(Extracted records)
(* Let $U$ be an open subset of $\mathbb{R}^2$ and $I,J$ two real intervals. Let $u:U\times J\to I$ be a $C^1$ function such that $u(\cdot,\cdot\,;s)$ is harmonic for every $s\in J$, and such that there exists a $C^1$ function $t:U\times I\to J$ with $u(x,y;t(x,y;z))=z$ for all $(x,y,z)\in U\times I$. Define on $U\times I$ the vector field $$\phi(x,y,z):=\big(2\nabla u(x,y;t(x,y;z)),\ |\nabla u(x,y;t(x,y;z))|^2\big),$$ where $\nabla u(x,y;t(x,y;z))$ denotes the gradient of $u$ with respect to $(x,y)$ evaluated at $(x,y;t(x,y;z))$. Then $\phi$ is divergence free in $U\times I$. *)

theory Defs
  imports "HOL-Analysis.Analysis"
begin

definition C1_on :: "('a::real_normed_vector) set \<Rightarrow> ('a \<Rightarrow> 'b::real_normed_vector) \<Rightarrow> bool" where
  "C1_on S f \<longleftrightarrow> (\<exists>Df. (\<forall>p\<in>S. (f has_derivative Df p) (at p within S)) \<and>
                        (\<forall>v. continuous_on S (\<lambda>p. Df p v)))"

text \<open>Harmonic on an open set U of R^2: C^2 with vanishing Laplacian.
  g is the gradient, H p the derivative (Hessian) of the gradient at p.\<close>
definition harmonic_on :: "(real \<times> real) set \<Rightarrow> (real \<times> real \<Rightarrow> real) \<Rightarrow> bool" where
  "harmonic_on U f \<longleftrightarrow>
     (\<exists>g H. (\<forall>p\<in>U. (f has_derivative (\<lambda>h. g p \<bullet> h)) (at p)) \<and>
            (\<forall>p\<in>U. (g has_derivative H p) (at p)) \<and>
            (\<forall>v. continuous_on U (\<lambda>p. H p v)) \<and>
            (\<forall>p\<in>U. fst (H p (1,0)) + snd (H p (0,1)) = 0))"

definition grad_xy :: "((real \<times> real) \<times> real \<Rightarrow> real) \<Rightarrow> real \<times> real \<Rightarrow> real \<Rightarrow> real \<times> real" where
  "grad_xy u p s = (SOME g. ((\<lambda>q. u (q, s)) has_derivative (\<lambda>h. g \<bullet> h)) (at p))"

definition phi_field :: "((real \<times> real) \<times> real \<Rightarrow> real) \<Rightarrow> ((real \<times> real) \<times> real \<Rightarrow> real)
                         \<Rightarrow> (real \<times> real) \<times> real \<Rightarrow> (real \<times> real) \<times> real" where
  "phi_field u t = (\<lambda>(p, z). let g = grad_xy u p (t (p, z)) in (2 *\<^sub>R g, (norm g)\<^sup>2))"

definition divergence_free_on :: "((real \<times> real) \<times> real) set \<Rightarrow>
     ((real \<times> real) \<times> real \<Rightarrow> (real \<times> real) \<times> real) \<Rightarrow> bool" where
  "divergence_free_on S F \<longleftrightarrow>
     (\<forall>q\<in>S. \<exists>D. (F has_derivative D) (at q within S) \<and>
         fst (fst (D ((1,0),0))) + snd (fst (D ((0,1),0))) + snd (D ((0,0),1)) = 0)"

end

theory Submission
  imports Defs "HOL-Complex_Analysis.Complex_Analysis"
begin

* * *

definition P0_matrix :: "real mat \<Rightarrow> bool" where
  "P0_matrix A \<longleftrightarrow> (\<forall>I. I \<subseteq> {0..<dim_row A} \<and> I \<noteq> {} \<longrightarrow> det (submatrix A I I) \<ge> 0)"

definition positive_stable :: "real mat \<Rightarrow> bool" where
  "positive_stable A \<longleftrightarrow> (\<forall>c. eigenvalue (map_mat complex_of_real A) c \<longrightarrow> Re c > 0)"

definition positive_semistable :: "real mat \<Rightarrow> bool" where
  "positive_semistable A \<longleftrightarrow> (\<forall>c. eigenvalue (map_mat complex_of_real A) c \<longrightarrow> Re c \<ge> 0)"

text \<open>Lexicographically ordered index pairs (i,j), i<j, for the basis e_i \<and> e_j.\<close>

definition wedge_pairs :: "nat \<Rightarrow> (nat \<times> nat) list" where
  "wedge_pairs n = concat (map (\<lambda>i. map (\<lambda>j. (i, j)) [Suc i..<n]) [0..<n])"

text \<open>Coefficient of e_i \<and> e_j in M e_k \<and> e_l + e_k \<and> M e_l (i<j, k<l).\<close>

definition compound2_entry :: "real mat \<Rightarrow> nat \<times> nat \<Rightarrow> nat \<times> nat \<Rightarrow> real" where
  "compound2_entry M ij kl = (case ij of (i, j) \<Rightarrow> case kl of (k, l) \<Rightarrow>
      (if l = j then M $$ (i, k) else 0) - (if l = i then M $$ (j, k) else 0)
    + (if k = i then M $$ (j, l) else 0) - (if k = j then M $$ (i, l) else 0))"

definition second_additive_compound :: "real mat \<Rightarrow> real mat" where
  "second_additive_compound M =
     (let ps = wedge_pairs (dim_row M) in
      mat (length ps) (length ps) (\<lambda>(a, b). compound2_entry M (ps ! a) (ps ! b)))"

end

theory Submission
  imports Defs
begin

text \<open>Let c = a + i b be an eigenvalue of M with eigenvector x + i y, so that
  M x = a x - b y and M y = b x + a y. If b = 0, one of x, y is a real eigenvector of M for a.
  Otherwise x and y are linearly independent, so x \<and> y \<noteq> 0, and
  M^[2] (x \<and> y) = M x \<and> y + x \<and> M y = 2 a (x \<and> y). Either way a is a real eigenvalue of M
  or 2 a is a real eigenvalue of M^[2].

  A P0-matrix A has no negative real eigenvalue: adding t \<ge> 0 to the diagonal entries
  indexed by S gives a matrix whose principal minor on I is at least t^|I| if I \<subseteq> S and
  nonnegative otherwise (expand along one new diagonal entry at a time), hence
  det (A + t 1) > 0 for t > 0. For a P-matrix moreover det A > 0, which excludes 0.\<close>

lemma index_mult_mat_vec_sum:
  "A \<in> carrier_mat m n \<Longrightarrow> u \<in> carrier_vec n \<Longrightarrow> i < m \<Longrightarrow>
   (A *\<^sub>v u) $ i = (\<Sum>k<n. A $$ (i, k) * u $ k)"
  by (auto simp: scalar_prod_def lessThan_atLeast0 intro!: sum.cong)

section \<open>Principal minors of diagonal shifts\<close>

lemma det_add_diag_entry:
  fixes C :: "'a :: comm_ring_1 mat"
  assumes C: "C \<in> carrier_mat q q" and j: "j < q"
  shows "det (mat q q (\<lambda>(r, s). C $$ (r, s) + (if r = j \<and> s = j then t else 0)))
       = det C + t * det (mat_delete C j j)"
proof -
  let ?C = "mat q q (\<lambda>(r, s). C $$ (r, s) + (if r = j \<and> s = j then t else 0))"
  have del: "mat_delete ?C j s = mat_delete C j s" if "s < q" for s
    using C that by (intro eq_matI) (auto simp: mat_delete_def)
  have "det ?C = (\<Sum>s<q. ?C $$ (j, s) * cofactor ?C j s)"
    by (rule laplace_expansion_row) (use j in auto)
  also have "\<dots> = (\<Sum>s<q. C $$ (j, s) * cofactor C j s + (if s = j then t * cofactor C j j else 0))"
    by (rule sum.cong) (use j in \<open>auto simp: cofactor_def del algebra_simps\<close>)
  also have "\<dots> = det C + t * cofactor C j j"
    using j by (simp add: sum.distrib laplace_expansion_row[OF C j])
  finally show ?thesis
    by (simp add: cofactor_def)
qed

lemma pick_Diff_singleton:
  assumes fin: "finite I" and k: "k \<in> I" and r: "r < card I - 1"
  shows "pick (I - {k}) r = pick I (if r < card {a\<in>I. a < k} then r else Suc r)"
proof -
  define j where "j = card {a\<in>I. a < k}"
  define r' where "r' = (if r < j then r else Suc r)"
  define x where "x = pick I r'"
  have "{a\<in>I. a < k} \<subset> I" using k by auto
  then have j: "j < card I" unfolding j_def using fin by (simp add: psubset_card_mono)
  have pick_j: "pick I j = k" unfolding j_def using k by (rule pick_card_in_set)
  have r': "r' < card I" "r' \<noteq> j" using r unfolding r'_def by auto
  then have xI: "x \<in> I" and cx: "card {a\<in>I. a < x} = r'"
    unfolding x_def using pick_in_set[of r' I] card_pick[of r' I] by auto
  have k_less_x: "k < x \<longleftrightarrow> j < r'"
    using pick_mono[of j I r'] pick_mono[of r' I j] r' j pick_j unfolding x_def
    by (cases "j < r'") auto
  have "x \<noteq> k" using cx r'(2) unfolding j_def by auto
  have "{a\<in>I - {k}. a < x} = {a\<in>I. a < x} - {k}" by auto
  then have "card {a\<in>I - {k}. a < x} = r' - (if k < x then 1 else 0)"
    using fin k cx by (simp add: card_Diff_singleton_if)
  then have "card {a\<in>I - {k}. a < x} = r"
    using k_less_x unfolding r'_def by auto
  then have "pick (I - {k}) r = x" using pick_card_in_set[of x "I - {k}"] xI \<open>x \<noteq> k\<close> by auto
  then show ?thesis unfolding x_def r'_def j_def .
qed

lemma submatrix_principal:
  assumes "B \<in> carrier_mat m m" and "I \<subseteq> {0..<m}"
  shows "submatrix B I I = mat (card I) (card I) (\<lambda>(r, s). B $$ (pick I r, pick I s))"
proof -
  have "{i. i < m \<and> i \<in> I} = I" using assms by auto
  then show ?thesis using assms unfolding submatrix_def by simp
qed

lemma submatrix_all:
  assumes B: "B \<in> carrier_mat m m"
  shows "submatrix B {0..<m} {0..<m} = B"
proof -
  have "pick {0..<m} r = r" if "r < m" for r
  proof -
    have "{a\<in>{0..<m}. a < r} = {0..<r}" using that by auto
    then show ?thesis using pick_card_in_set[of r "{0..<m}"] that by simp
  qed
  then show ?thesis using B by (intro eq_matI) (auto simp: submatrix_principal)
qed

## Work item
Extract exactly and only the lines above from the line containing "(* Let $U$ be" through the line containing "g is the gradient, H", both end lines included.

## Solution to this problem
(* Let $U$ be an open subset of $\mathbb{R}^2$ and $I,J$ two real intervals. Let $u:U\times J\to I$ be a $C^1$ function such that $u(\cdot,\cdot\,;s)$ is harmonic for every $s\in J$, and such that there exists a $C^1$ function $t:U\times I\to J$ with $u(x,y;t(x,y;z))=z$ for all $(x,y,z)\in U\times I$. Define on $U\times I$ the vector field $$\phi(x,y,z):=\big(2\nabla u(x,y;t(x,y;z)),\ |\nabla u(x,y;t(x,y;z))|^2\big),$$ where $\nabla u(x,y;t(x,y;z))$ denotes the gradient of $u$ with respect to $(x,y)$ evaluated at $(x,y;t(x,y;z))$. Then $\phi$ is divergence free in $U\times I$. *)

theory Defs
  imports "HOL-Analysis.Analysis"
begin

definition C1_on :: "('a::real_normed_vector) set \<Rightarrow> ('a \<Rightarrow> 'b::real_normed_vector) \<Rightarrow> bool" where
  "C1_on S f \<longleftrightarrow> (\<exists>Df. (\<forall>p\<in>S. (f has_derivative Df p) (at p within S)) \<and>
                        (\<forall>v. continuous_on S (\<lambda>p. Df p v)))"

text \<open>Harmonic on an open set U of R^2: C^2 with vanishing Laplacian.
  g is the gradient, H p the derivative (Hessian) of the gradient at p.\<close>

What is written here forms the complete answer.